:: WHAT YOU NEED TO DO ::
Keep to one stretch of the data below, the lines from the one with "T d X w cap" up to and including the one with "unfolding R_def using assms \<eta> A'", and return that stretch exactly.

:: Stored data entries ::
section \<open>Vertices of multicommodity flow polyhedra\<close>

lemma vertex_perturbation_zero:
  assumes "is_vertex P f" "\<epsilon> \<noteq> 0"
    and "(\<lambda>t e. f t e + \<epsilon> * z t e) \<in> P" "(\<lambda>t e. f t e - \<epsilon> * z t e) \<in> P"
  shows "z = (\<lambda>_ _. 0)"
proof -
  have rigid: "\<forall>g\<in>P. \<forall>h\<in>P. \<forall>u::real.
      0 < u \<and> u < 1 \<and> f = (\<lambda>t e. u * g t e + (1 - u) * h t e) \<longrightarrow> g = h"
    using assms(1) unfolding is_vertex_def by (rule conjunct2)
  have "f = (\<lambda>t e. 1/2 * (f t e + \<epsilon> * z t e) + (1 - 1/2) * (f t e - \<epsilon> * z t e))"
    by (simp add: algebra_simps)
  then have "(\<lambda>t e. f t e + \<epsilon> * z t e) = (\<lambda>t e. f t e - \<epsilon> * z t e)"
    using rigid[rule_format, OF assms(3,4), of "1/2"] by linarith
  then have "\<forall>t e. \<epsilon> * z t e = 0"
    by (simp add: fun_eq_iff)
  with assms(2) show ?thesis
    by (simp add: fun_eq_iff)
qed

text \<open>The rows in X are the coupling constraints, those that involve several commodities.\<close>
definition mcf_polyhedron ::
  "'n set \<Rightarrow> ('n \<times> 'n) set \<Rightarrow> 'n set \<Rightarrow> ('n \<Rightarrow> 'n \<Rightarrow> real) \<Rightarrow> 'x set
     \<Rightarrow> ('x \<Rightarrow> 'n \<Rightarrow> 'n \<times> 'n \<Rightarrow> real) \<Rightarrow> ('x \<Rightarrow> real) \<Rightarrow> ('n \<Rightarrow> 'n \<times> 'n \<Rightarrow> real) set" where
  "mcf_polyhedron V E T d X w cap =
     {f. (\<forall>t e. (t \<notin> T \<or> e \<notin> E) \<longrightarrow> f t e = 0)
       \<and> conservation V E T d f
       \<and> (\<forall>x\<in>X. (\<Sum>t\<in>T. \<Sum>e\<in>E. w x t e * f t e) \<le> cap x)
       \<and> (\<forall>t e. 0 \<le> f t e)}"
theorem lemma19:
  fixes \<kappa> B C A \<epsilon> :: real
  assumes "0 < \<kappa>" and "\<kappa> < 1/2" and "B > 0" and "\<epsilon> > 0"
  shows "\<forall>\<^sub>F x in at_top.
    \<forall>(a :: nat \<Rightarrow> complex) (z :: complex).
      (\<forall>m\<ge>1. norm (a m) \<le> C * real m powr (A * (1 / ln (1 + real m) powr \<kappa> + 1 / ln (ln x)))
                               / real (sqfree_part m))
      \<longrightarrow> norm z \<le> B * ln x / (ln (ln x) * ln (ln (ln x)))
      \<longrightarrow> summable (\<lambda>m. norm (dz z (Suc m) / of_nat (Suc m) * a (Suc m)))
          \<and> norm (\<Sum>m. dz z (Suc m) / of_nat (Suc m) * a (Suc m))
              \<le> exp ((2 * B + \<epsilon>) * ln x / ln (ln x))"
proof -
  define A' where "A' = max A 1"
  define C' where "C' = max C 1"
  have A': "A \<le> A'" "1 \<le> A'" and C': "C \<le> C'" "1 \<le> C'"
    unfolding A'_def C'_def by auto
  have "\<forall>\<^sub>F \<eta> in at_right 0. 0 < \<eta> \<and> \<eta> \<le> 1 \<and> exp (2 * A' * \<eta>) \<le> 1 + \<epsilon> / (4 * B)"
    using assms by (intro eventually_conj; real_asymp)
  then obtain \<eta> where \<eta>: "0 < \<eta>" "\<eta> \<le> 1" "exp (2 * A' * \<eta>) \<le> 1 + \<epsilon> / (4 * B)"
    using eventually_happens'[OF trivial_limit_at_right_real] by blast
  define R where "R x = B * ln x / (ln (ln x) * ln (ln (ln x)))" for x :: real
  have "\<forall>\<^sub>F x in at_top. 16 * A' \<le> ln (ln x) \<and> ln 2 \<le> \<eta> * ln (ln x) \<and> 1 \<le> R x \<and> ln (R x + 1) \<le> ln (ln x)"
    unfolding R_def using assms \<eta> by (intro eventually_conj; real_asymp)
  moreover have "\<forall>\<^sub>F x in at_top. ln C' + dz_sum_exponent \<kappa> A' \<eta> (ln (ln x)) (R x) \<le> (2 * B + \<epsilon>) * ln x / ln (ln x)"
    unfolding R_def using assms \<eta> A' C' by (intro eventually_exponent_le) auto
  ultimately show ?thesis
  proof eventually_elim
    case (elim x)
    then show ?case
      using assms \<eta> A' C' unfolding R_def
      by (intro allI impI dz_series_le[where A = A' and C = C' and \<eta> = \<eta> and L = "ln (ln x)"])
        (auto intro: coeff_bound_mono)
  qed
qed

end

:: RESULT FOR THIS TASK ::
  "mcf_polyhedron V E T d X w cap =
     {f. (\<forall>t e. (t \<notin> T \<or> e \<notin> E) \<longrightarrow> f t e = 0)
       \<and> conservation V E T d f
       \<and> (\<forall>x\<in>X. (\<Sum>t\<in>T. \<Sum>e\<in>E. w x t e * f t e) \<le> cap x)
       \<and> (\<forall>t e. 0 \<le> f t e)}"
theorem lemma19:
  fixes \<kappa> B C A \<epsilon> :: real
  assumes "0 < \<kappa>" and "\<kappa> < 1/2" and "B > 0" and "\<epsilon> > 0"
  shows "\<forall>\<^sub>F x in at_top.
    \<forall>(a :: nat \<Rightarrow> complex) (z :: complex).
      (\<forall>m\<ge>1. norm (a m) \<le> C * real m powr (A * (1 / ln (1 + real m) powr \<kappa> + 1 / ln (ln x)))
                               / real (sqfree_part m))
      \<longrightarrow> norm z \<le> B * ln x / (ln (ln x) * ln (ln (ln x)))
      \<longrightarrow> summable (\<lambda>m. norm (dz z (Suc m) / of_nat (Suc m) * a (Suc m)))
          \<and> norm (\<Sum>m. dz z (Suc m) / of_nat (Suc m) * a (Suc m))
              \<le> exp ((2 * B + \<epsilon>) * ln x / ln (ln x))"
proof -
  define A' where "A' = max A 1"
  define C' where "C' = max C 1"
  have A': "A \<le> A'" "1 \<le> A'" and C': "C \<le> C'" "1 \<le> C'"
    unfolding A'_def C'_def by auto
  have "\<forall>\<^sub>F \<eta> in at_right 0. 0 < \<eta> \<and> \<eta> \<le> 1 \<and> exp (2 * A' * \<eta>) \<le> 1 + \<epsilon> / (4 * B)"
    using assms by (intro eventually_conj; real_asymp)
  then obtain \<eta> where \<eta>: "0 < \<eta>" "\<eta> \<le> 1" "exp (2 * A' * \<eta>) \<le> 1 + \<epsilon> / (4 * B)"
    using eventually_happens'[OF trivial_limit_at_right_real] by blast
  define R where "R x = B * ln x / (ln (ln x) * ln (ln (ln x)))" for x :: real
  have "\<forall>\<^sub>F x in at_top. 16 * A' \<le> ln (ln x) \<and> ln 2 \<le> \<eta> * ln (ln x) \<and> 1 \<le> R x \<and> ln (R x + 1) \<le> ln (ln x)"
    unfolding R_def using assms \<eta> by (intro eventually_conj; real_asymp)
  moreover have "\<forall>\<^sub>F x in at_top. ln C' + dz_sum_exponent \<kappa> A' \<eta> (ln (ln x)) (R x) \<le> (2 * B + \<epsilon>) * ln x / ln (ln x)"
    unfolding R_def using assms \<eta> A' C' by (intro eventually_exponent_le) auto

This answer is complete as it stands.